A fellow Slovak researcher whose roots are in the village of Tura Luka, whence my great-grandfather Holic (sic) came, emailed me the other day. She very smartly learned from my error, and had all the Tura Luka parish registers on microfilm at once with the 1869 Hungarian census for the village. She had it on extended loan--so there's lesson one. Spend the money and get the whole kit and kaboodle. I found it frustrating to just use two reels at a time.

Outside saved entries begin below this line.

lemma lam_kernel_in_derived:
  assumes g: "g \<in> carrier T" and deg: "lam g = 0"
  shows "g \<in> derived T (carrier T)"
proof -
  let ?D = "derived T (carrier T)" and ?Q = "T Mod derived T (carrier T)"
  obtain p1 q1 where bez: "int p * p1 + int q * q1 = 1" using coprime_bezout_int[OF coprime_pq] by blast
  interpret D: normal ?D T by (rule T.derived_is_normal[OF T.normal_self])
  interpret Q: comm_group ?Q by (rule T.derived_quot_is_comm_group)
  interpret pi: group_hom T ?Q "\<lambda>x. ?D #>\<^bsub>T\<^esub> x"
    using D.r_coset_hom_Mod by (simp add: group_hom_def group_hom_axioms_def Q.is_group)
  let ?A = "?D #>\<^bsub>T\<^esub> a" and ?B = "?D #>\<^bsub>T\<^esub> b"
  let ?R = "?A [^]\<^bsub>?Q\<^esub> q1 \<otimes>\<^bsub>?Q\<^esub> ?B [^]\<^bsub>?Q\<^esub> p1"
  have A: "?A \<in> carrier ?Q" and B: "?B \<in> carrier ?Q" by simp_all
  have rel: "?A [^]\<^bsub>?Q\<^esub> p = ?B [^]\<^bsub>?Q\<^esub> q"
    by (simp add: pi.hom_nat_pow[symmetric] c_b[symmetric] c_def[symmetric])
  note root = Q.pq_common_root[OF A B rel bez]
  have R: "?R \<in> carrier ?Q" using A B by (intro Q.m_closed Q.int_pow_closed)
  text \<open>The projection to \<open>T/T'\<close> factors as \<open>g \<mapsto> R^{\<lambda> g}\<close>.\<close>
  have factor: "(\<lambda>n. ?R [^]\<^bsub>?Q\<^esub> n) \<circ> lam \<in> hom T ?Q"
    using lam_hom Q.hom_integer_group_pow[OF R] by (rule hom_compose)
  have "?D #>\<^bsub>T\<^esub> g = ((\<lambda>n. ?R [^]\<^bsub>?Q\<^esub> n) \<circ> lam) g"
    by (rule hom_eq_on_ab[OF Q.is_group D.r_coset_hom_Mod factor _ _ g]) (use root in simp_all)
  then have "?D #>\<^bsub>T\<^esub> g = ?D" using deg by simp
  then show ?thesis using T.rcos_eq_self_imp_mem[OF D.subgroup_axioms g] by simp
qed

end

In any case, she found her ancestor and true to family lore, she was born in Vienna, a Roman Catholic and living with a protestant family there in Tura Luka. In my own great-grandfather's household was also a 7 year old child named Carol Lehman who was Roman Catholic, although the rest of the household (all Holics) were protestant. My friend asked me if I knew what was up with that. I don't. Does anyone know if there is something in the history of Vienna and Slovakia that in the late 1860s, children were farmed out to villages? It's also odd that the children are of a different religious upbringing.
Tura Luka may seem remote to Vienna, but it is next door to Myjava, where the Slovak National Congress made its dramatic call for Slovak independence in 1848. [And we all know how well that turned out!] Vienna is only about 60 miles away from Myjava. It may be just a simple explanation, but I'm sure my researcher friend would greatly appreciate any insight you can provide.